The US yesterday called for an immediate end to China’s intensifying reclamation works in the South China Sea and vowed to continue sending military aircraft and ships to the tense region.
US Secretary of Defense Ashton Carter told a high-level security conference in Singapore that Beijing was behaving “out of step” with international norms.
China says it has sovereignty over nearly all of the South China Sea, a major global shipping route thought to contain oil and gas reserves.
Photo: Reuters
“First, we want a peaceful resolution of all disputes. To that end, there should be an immediate and lasting halt to land reclamation by all claimants,” Carter said at the annual Shangri-La Dialogue on security, with a high-level Chinese military delegation in the audience.

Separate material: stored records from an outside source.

lemma harm_s_zw_mult_append:
  assumes "1 \<le> M"
  shows "harm_s F G n (zw (M * k) @ v) = (if M \<le> n
    then (a M + b M + (\<Sum>q\<in>{1..<M}. a q * b (M - q))) * harm_s F G (n - M) v else 0)"
proof -
  define S where "S q = (\<Sum>i\<le>n. if q \<le> i \<and> M - q \<le> n - i
    then harm (F (i - q)) (G (n - i - (M - q))) v else 0)" for q
  have S: "S q = (if M \<le> n then harm_s F G (n - M) v else 0)" if "q \<le> M" for q
    unfolding S_def using that by (rule harm_s_shift)
  have "harm_s F G n (zw (M * k) @ v) = a M * S M + b M * S 0 + (\<Sum>q\<in>{1..<M}. a q * b (M - q) * S q)"
    unfolding harm_s_def harm_zw_mult_append[OF assms] sum.distrib sum_distrib_left S_def
    by (subst (2) sum.swap) (simp add: if_distrib[of "(*) _"] cong: if_cong)
  also have "\<dots> = (a M + b M + (\<Sum>q\<in>{1..<M}. a q * b (M - q))) * S M"
    using S by (simp add: algebra_simps sum_distrib_left sum_distrib_right)
  finally show ?thesis
    using S by simp
qed

lemma residual_rule_harm_s:
  "residual_rule k (\<lambda>M. a M + b M + (\<Sum>q\<in>{1..<M}. a q * b (M - q))) (harm_s F G)"
  unfolding residual_rule_def
proof (intro allI impI)
  fix j n :: nat and v :: word
  assume j: "1 \<le> j"
  show "harm_s F G n (zw j @ v) = (if k dvd j \<and> j div k \<le> n
    then (a (j div k) + b (j div k) + (\<Sum>q\<in>{1..<j div k}. a q * b (j div k - q)))
       * harm_s F G (n - j div k) v else 0)"
  proof (cases "k dvd j")
    case True
    then obtain M where "j = M * k"
      by (metis dvdE mult.commute)
    moreover have "1 \<le> M" "j div k = M"
      using j \<open>j = M * k\<close> k by (cases M, auto)+
    ultimately show ?thesis
      using harm_s_zw_mult_append by simp
  qed (use j in \<open>simp add: harm_s_def harm_zw_append_nondvd\<close>)
qed

end


section \<open>Geometric series in the \<open>z\<^sub>i\<^sub>k\<close>\<close>

definition zseries :: "nat \<Rightarrow> (nat \<Rightarrow> rat poly) \<Rightarrow> hts" where
  "zseries k c = (\<lambda>i. wsingle (zw (i * k)) (c i))"

lemma zu_eq_zseries: "zu c k = zseries k (\<lambda>i. if i = 1 then c else 0)"
  by (auto simp: zu_def zseries_def)

lemma Xrhs_eq_zseries: "Xrhs k = zseries k (\<lambda>i. if 2 \<le> i then tvar ^ (i - 2) * (tvar - 1) else 0)"
  by (auto simp: Xrhs_def zseries_def)

lemma sum_mult_delta:
  fixes k j n :: nat
  assumes "1 \<le> k"
  shows "(\<Sum>i\<le>n. if i * k = j then f i else 0) = (if k dvd j \<and> j div k \<le> n then f (j div k) else 0)"
proof (cases "k dvd j")
  case True
  then have "i * k = j \<longleftrightarrow> i = j div k" for i
    using assms by auto
  then show ?thesis
    using True by (simp add: sum.delta)
next
  case False
  then have "i * k \<noteq> j" for i
    by auto
  then show ?thesis
    using False by simp
qed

“We also oppose any further militarization of disputed features,” Carter said.
He acknowledged that other claimants have developed outposts of differing scope and degree, including Taiwan with one, Vietnam with 48, the Philippines with eight and Malaysia with five.

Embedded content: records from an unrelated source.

(* Let $n\ge 1$ and let $A\subseteq \mathbb{F}_3^n$ be a set such that the equation $a+b+c=0$ with $a,b,c\in A$ has no solutions except the trivial ones $a=b=c$. Then $$|A|\le 3\sum_{k=0}^{\lfloor 2n/3\rfloor}\binom{n}{k}_2 .$$
   Context: $\mathbb{F}_3=\{0,1,2\}$ is the field of integers modulo $3$. For integers $n\ge 0$ and $k$, the trinomial coefficient $\binom{n}{k}_2$ is defined as the coefficient of $x^k$ in $(1+x+x^2)^n$. *)

theory Defs
  imports "HOL-Analysis.Analysis" "HOL-Library.Numeral_Type" "HOL-Computational_Algebra.Polynomial"
begin

definition trinomial :: "nat \<Rightarrow> nat \<Rightarrow> nat" where
  "trinomial n k = coeff ([:1, 1, 1:] ^ n) k"

end

theory Submission
  imports Defs
begin

text \<open>Slice-rank argument (Croot--Lev--Pach, Ellenberg--Gijswijt, in Tao's formulation).
  The function \<open>F(x, y, z) = \<Prod>\<^sub>i (1 - (x\<^sub>i + y\<^sub>i + z\<^sub>i)\<^sup>2)\<close> on \<open>\<bbbF>\<^sub>3\<^sup>n\<close> is the
  indicator of \<open>x + y + z = 0\<close>, so on \<open>A\<^sup>3\<close> it is a diagonal tensor with nonzero diagonal
  (\<open>3x = 0\<close>). Such a tensor cannot be written as a sum of fewer than \<open>|A|\<close> slices
  \<open>f(x) g(y, z)\<close>, \<open>f(y) g(x, z)\<close>, \<open>f(z) g(x, y)\<close>. On the other hand, expanding \<open>F\<close> gives
  monomials of total degree at most \<open>2n\<close> with every exponent at most \<open>2\<close>, so each has degree
  at most \<open>\<lfloor>2n/3\<rfloor>\<close> in one of \<open>x\<close>, \<open>y\<close>, \<open>z\<close>; grouping them accordingly yields
  \<open>3 (\<Sum>k \<le> 2n/3. trinomial n k)\<close> slices, as \<open>trinomial n k\<close> counts the exponent vectors in
  \<open>{0, 1, 2}\<^sup>n\<close> of total degree \<open>k\<close>.\<close>

lemma back_substitute_pivot:
  fixes f :: "'j \<Rightarrow> 'a \<Rightarrow> 'k::comm_ring_1"
  assumes "finite A" "a0 \<in> A" "f j0 a0 * d = 1"
    and reduced: "\<forall>j\<in>J. (\<Sum>a\<in>A - {a0}. (f j a - f j a0 * d * f j0 a) * h' a) = 0"
  obtains h where "\<forall>a\<in>A - {a0}. h a = h' a" "\<forall>j\<in>insert j0 J. (\<Sum>a\<in>A. f j a * h a) = 0"
proof -
  define h where "h a = (if a = a0 then - d * (\<Sum>b\<in>A - {a0}. f j0 b * h' b) else h' a)" for a
  have sum_h: "(\<Sum>a\<in>A. g a * h a) = g a0 * h a0 + (\<Sum>a\<in>A - {a0}. g a * h' a)" for g
  proof -
    have "(\<Sum>a\<in>A. g a * h a) = g a0 * h a0 + (\<Sum>a\<in>A - {a0}. g a * h a)"
      by (rule sum.remove[OF assms(1,2)])
    also have "(\<Sum>a\<in>A - {a0}. g a * h a) = (\<Sum>a\<in>A - {a0}. g a * h' a)"
      by (rule sum.cong) (auto simp: h_def)
    finally show ?thesis .
  qed
  have "(\<Sum>a\<in>A. f j a * h a) = 0" if "j \<in> insert j0 J" for j
  proof (cases "j = j0")
    case True
    have "f j0 a0 * h a0 = - (f j0 a0 * d) * (\<Sum>b\<in>A - {a0}. f j0 b * h' b)"
      by (simp add: h_def)
    then show ?thesis using True assms(3) sum_h[of "f j"] by simp
  next
    case False
    then have "(\<Sum>a\<in>A - {a0}. f j a * h' a) = f j a0 * d * (\<Sum>a\<in>A - {a0}. f j0 a * h' a)"
      using reduced that by (simp add: algebra_simps sum_subtractf sum_distrib_left)
    then show ?thesis using sum_h[of "f j"] by (simp add: h_def)
  qed
  then show thesis by (intro that[of h]) (auto simp: h_def)
qed

text \<open>The numeral type \<open>3\<close> is not an instance of \<open>field\<close>, so the linear algebra below is
  done over commutative rings in which every nonzero element is a unit.\<close>

lemma underdetermined_system_nontrivial_solution:
  fixes f :: "'j \<Rightarrow> 'a \<Rightarrow> 'k::comm_ring_1"
  assumes units: "\<And>c::'k. c \<noteq> 0 \<Longrightarrow> c dvd 1"
    and "finite J" "finite A" "card J < card A"
  shows "\<exists>h. (\<exists>a\<in>A. h a \<noteq> 0) \<and> (\<forall>j\<in>J. (\<Sum>a\<in>A. f j a * h a) = 0)"
  using assms(2-)
proof (induction J arbitrary: A f rule: finite_induct)
  case empty
  then obtain a where "a \<in> A" by fastforce
  then show ?case by (intro exI[of _ "\<lambda>_. 1"]) auto
next
  case (insert j0 J)
  show ?case
  proof (cases "\<forall>a\<in>A. f j0 a = 0")
    case True
    moreover obtain h where "\<exists>a\<in>A. h a \<noteq> 0" "\<forall>j\<in>J. (\<Sum>a\<in>A. f j a * h a) = 0"
      using insert.IH[of A f] insert.prems insert.hyps by auto
    ultimately show ?thesis by auto
  next
    case False
    then obtain a0 where a0: "a0 \<in> A" "f j0 a0 \<noteq> 0" by blast
    then obtain d where d: "f j0 a0 * d = 1" using units by (metis dvdE)
    have "finite (A - {a0})" "card J < card (A - {a0})"
      using insert a0 by (simp_all add: card_Diff_singleton)
    then obtain h' where h': "\<exists>a\<in>A - {a0}. h' a \<noteq> 0"
      "\<forall>j\<in>J. (\<Sum>a\<in>A - {a0}. (f j a - f j a0 * d * f j0 a) * h' a) = 0"
      using insert.IH[of "A - {a0}" "\<lambda>j a. f j a - f j a0 * d * f j0 a"] by blast
    obtain h where "\<forall>a\<in>A - {a0}. h a = h' a" "\<forall>j\<in>insert j0 J. (\<Sum>a\<in>A. f j a * h a) = 0"
      using back_substitute_pivot[OF insert.prems(1) a0(1) d h'(2)] .
    moreover obtain a where "a \<in> A - {a0}" "h' a \<noteq> 0" using h'(1) by blast
    ultimately show ?thesis by (metis DiffD1)
  qed
qed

“Yet, one country has gone much farther and much faster than any other. China has reclaimed over 2,000 acres [809 hectares], more than all other claimants combined and more than in the entire history of the region, and China did so in only the last 18 months,” Carter said.
Chinese delegation head Admiral Sun Jianguo (孫建國), deputy chief of the general staff department at the People’s Liberation Army, is scheduled to address the forum today.

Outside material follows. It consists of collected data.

lemma pw_exp_unimodal_stable_slope:
  assumes f: "pw_exp_unimodal f" and w: "-1 < w" "w < 1" "w \<noteq> 0" and "0 < \<tau>"
  shows "\<forall>\<^sub>F r in at_right 0. \<forall>g. pw_exp_unimodal g \<longrightarrow> norm1 (\<lambda>x. g x - f x) < \<tau> / 2 \<longrightarrow>
    stretches_near (\<bar>pw_deriv f w\<bar> - \<tau>) w r g"
proof -
  have Bf: "B1 f" using f by (simp add: pw_exp_unimodal_def)
  have "0 < \<tau> / 2" using \<open>0 < \<tau>\<close> by simp
  then obtain d where d: "0 < d" "\<forall>\<xi>. dist \<xi> w < d \<longrightarrow> dist (pw_deriv f \<xi>) (pw_deriv f w) < \<tau> / 2"
    using B1_isCont_pw_deriv[OF Bf w] unfolding continuous_at_eps_delta by blast
  define r0 where "r0 = min d (min \<bar>w\<bar> (1 - \<bar>w\<bar>))"
  have "0 < r0" using d(1) w by (auto simp: r0_def)
  show ?thesis unfolding eventually_at_right_field stretches_near_def
  proof (intro exI[of _ r0] conjI allI impI)
    fix r g x y assume r: "0 < r" "r < r0" and g: "pw_exp_unimodal g" "norm1 (\<lambda>x. g x - f x) < \<tau> / 2"
      and xy: "w - r \<le> x" "x \<le> y" "y \<le> w + r"
    have Bg: "B1 g" using g(1) by (simp add: pw_exp_unimodal_def)
    have lap: "in_lap {x..y}"
      using xy r w by (cases "w < 0") (auto simp: in_lap_def r0_def)
    show "(\<bar>pw_deriv f w\<bar> - \<tau>) * (y - x) \<le> \<bar>g y - g x\<bar>"
    proof (rule B1_abs_increment_ge[OF Bg xy(2) lap])
      fix \<xi> assume "x < \<xi>" "\<xi> < y"
      then have \<xi>: "\<xi> \<in> {-1..1}" "dist \<xi> w < d"
        using lap xy r by (auto simp: in_lap_def r0_def dist_real_def)
      have "\<bar>pw_deriv g \<xi> - pw_deriv f \<xi>\<bar> < \<tau> / 2"
        using norm1_diff_ge(2)[OF Bf Bg \<xi>(1)] g(2) by linarith
      moreover have "\<bar>pw_deriv f \<xi> - pw_deriv f w\<bar> < \<tau> / 2"
        using d(2) \<xi>(2) by (simp add: dist_real_def)
      ultimately show "\<bar>pw_deriv f w\<bar> - \<tau> \<le> \<bar>pw_deriv g \<xi>\<bar>" by linarith
    qed
  qed (fact \<open>0 < r0\<close>)
qed

lemma pw_exp_unimodal_stable_fold:
  assumes f: "pw_exp_unimodal f" and "0 < \<tau>"
  shows "\<forall>\<^sub>F r in at_right 0. \<forall>g. pw_exp_unimodal g \<longrightarrow> norm1 (\<lambda>x. g x - f x) < \<tau> / 2 \<longrightarrow>
    folds_near ((min \<bar>dQ {0..1} f 0\<bar> \<bar>dQ {-1..0} f 0\<bar> - \<tau>) / 2) r g"
proof -
  have Bf: "B1 f" using f by (simp add: pw_exp_unimodal_def)
  obtain \<Lambda> where \<Lambda>: "1 < \<Lambda>" "\<Lambda> \<le> dQ {-1..0} f 0"
    "\<And>x. -1 \<le> x \<Longrightarrow> x < 0 \<Longrightarrow> \<Lambda> \<le> pw_deriv f x"
    "\<And>x. 0 \<le> x \<Longrightarrow> x \<le> 1 \<Longrightarrow> pw_deriv f x \<le> -\<Lambda>"
    using pw_exp_unimodal_expansion[OF f] by metis
  define m where "m = min \<bar>dQ {0..1} f 0\<bar> \<bar>dQ {-1..0} f 0\<bar>"
  have m: "m \<le> dQ {-1..0} f 0" "m \<le> - dQ {0..1} f 0"
    using \<Lambda>(1,2) \<Lambda>(4)[of 0] by (auto simp: m_def pw_deriv_def)
  have "0 < \<tau> / 2" using \<open>0 < \<tau>\<close> by simp
  moreover have "(0::real) \<in> {-1..0}" by simp
  ultimately obtain d1 where d1: "0 < d1"
    "\<forall>\<xi>\<in>{-1..0}. dist \<xi> 0 < d1 \<longrightarrow> dist (dQ {-1..0} f \<xi>) (dQ {-1..0} f 0) < \<tau> / 2"
    using continuous_on_iff[THEN iffD1, OF B1D(2)[OF Bf], rule_format] by blast
  have "(0::real) \<in> {0..1}" by simp
  with \<open>0 < \<tau> / 2\<close> obtain d2 where d2: "0 < d2"
    "\<forall>\<xi>\<in>{0..1}. dist \<xi> 0 < d2 \<longrightarrow> dist (dQ {0..1} f \<xi>) (dQ {0..1} f 0) < \<tau> / 2"
    using continuous_on_iff[THEN iffD1, OF B1D(3)[OF Bf], rule_format] by blast
  define r0 where "r0 = min 1 (min d1 d2)"
  have "0 < r0" using d1(1) d2(1) by (simp add: r0_def)
  show ?thesis unfolding eventually_at_right_field folds_near_def
  proof (intro exI[of _ r0] conjI allI impI)
    fix r g u v assume r: "0 < r" "r < r0" and g: "pw_exp_unimodal g" "norm1 (\<lambda>x. g x - f x) < \<tau> / 2"
      and uv: "-r \<le> u" "u \<le> 0" "0 \<le> v" "v \<le> r"
    have Bg: "B1 g" using g(1) by (simp add: pw_exp_unimodal_def)
    have close: "\<bar>pw_deriv g \<xi> - pw_deriv f \<xi>\<bar> < \<tau> / 2" if "\<xi> \<in> {-1..1}" for \<xi>
      using norm1_diff_ge(2)[OF Bf Bg that] g(2) by linarith
    have "(m - \<tau>) * (0 - u) \<le> g 0 - g u"
    proof (rule B1_increment_ge[OF Bg uv(2)])
      show "in_lap {u..0}" using uv r by (simp add: in_lap_def r0_def)
      fix \<xi> assume \<xi>: "u < \<xi>" "\<xi> < 0"
      then have "\<bar>dQ {-1..0} f \<xi> - dQ {-1..0} f 0\<bar> < \<tau> / 2"
        using d1(2) uv r by (auto simp: r0_def dist_real_def)
      moreover have "\<bar>dQ {-1..0} g \<xi> - dQ {-1..0} f \<xi>\<bar> < \<tau> / 2"
        using close[of \<xi>] \<xi> uv r by (simp add: pw_deriv_def r0_def)
      ultimately show "m - \<tau> \<le> pw_deriv g \<xi>"
        using m(1) \<xi> unfolding abs_less_iff by (simp add: pw_deriv_def)
    qed
    moreover have "(m - \<tau>) * (v - 0) \<le> g 0 - g v"
    proof (rule B1_decrement_ge[OF Bg uv(3)])
      show "in_lap {0..v}" using uv r by (simp add: in_lap_def r0_def)
      fix \<xi> assume \<xi>: "0 < \<xi>" "\<xi> < v"
      then have "\<bar>dQ {0..1} f \<xi> - dQ {0..1} f 0\<bar> < \<tau> / 2"
        using d2(2) uv r by (auto simp: r0_def dist_real_def)
      moreover have "\<bar>dQ {0..1} g \<xi> - dQ {0..1} f \<xi>\<bar> < \<tau> / 2"
        using close[of \<xi>] \<xi> uv r by (simp add: pw_deriv_def r0_def)
      ultimately show "pw_deriv g \<xi> \<le> - (m - \<tau>)"
        using m(2) \<xi> unfolding abs_less_iff by (simp add: pw_deriv_def)
    qed
    moreover have "\<bar>g 0 - g u\<bar> \<le> diameter (g ` {u..v})" "\<bar>g 0 - g v\<bar> \<le> diameter (g ` {u..v})"
    proof -
      have "continuous_on {u..v} g"
        using uv r by (intro continuous_on_subset[OF B1D(1)[OF Bg]]) (auto simp: r0_def)
      then show "\<bar>g 0 - g u\<bar> \<le> diameter (g ` {u..v})" "\<bar>g 0 - g v\<bar> \<le> diameter (g ` {u..v})"
        using dist_le_diameter_image[of "{u..v}" g] uv by (auto simp: dist_real_def)
    qed
    ultimately have "(m - \<tau>) / 2 * (v - u) \<le> diameter (g ` {u..v})" by (simp add: algebra_simps)
    then show "(min \<bar>dQ {0..1} f 0\<bar> \<bar>dQ {-1..0} f 0\<bar> - \<tau>) / 2 * (v - u) \<le> diameter (g ` {u..v})"
      by (simp add: m_def)
  qed (fact \<open>0 < r0\<close>)
qed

Sun and Carter spoke cordially on the sidelines before a luncheon at the forum, an Agence France-Presse photographer said.
However, in the highest-level rebuke to Carter’s comments so far, Chinese Vice Minister of Foreign Affairs Liu Zhenmin (劉振民) said China’s sovereignty over the South China Sea was firmly established, and that it had showed great restraint, despite provocation and “muscle flexing” from other countries.
There was “no need to have [China’s claims] strengthened through construction activities on relevant islands and reefs,” as China’s historical and legal claims to those areas were so strong, he was cited as saying by Xinhua news agency.
Meanwhile, China “remained committed to settling territorial disputes and overlapping maritime claims” Liu said.
In an interview published over the weekend by the Wall Street Journal, Chinese Ambassador to the US Cui Tiankai (崔天凱) said US actions and rhetoric could make the region “less stable.”
The Chinese military this month ordered a US Navy P-8 Poseidon surveillance aircraft to leave an area above the heavily disputed Spratly Islands (Nansha Islands, 南沙群島), also claimed by Taiwan, but the US plane ignored the demand.
This was “clearly an attempt to provoke and escalate the situation,” Cui said.
Liu described “close-in manoeuvers” as “a crude act of muscle flexing that threatens to heighten militarisation of the South China Sea,” without directly referring to the US.
Cui and Liu both stressed current Chinese construction activities were mainly for civilian rather than military purposes.
In his speech, Carter urged China and the 10-member ASEAN to adopt a “code of conduct” in the disputed waters this year.
Washington on Friday accused China of deploying two artillery pieces on one of its artificial islands in the South China Sea.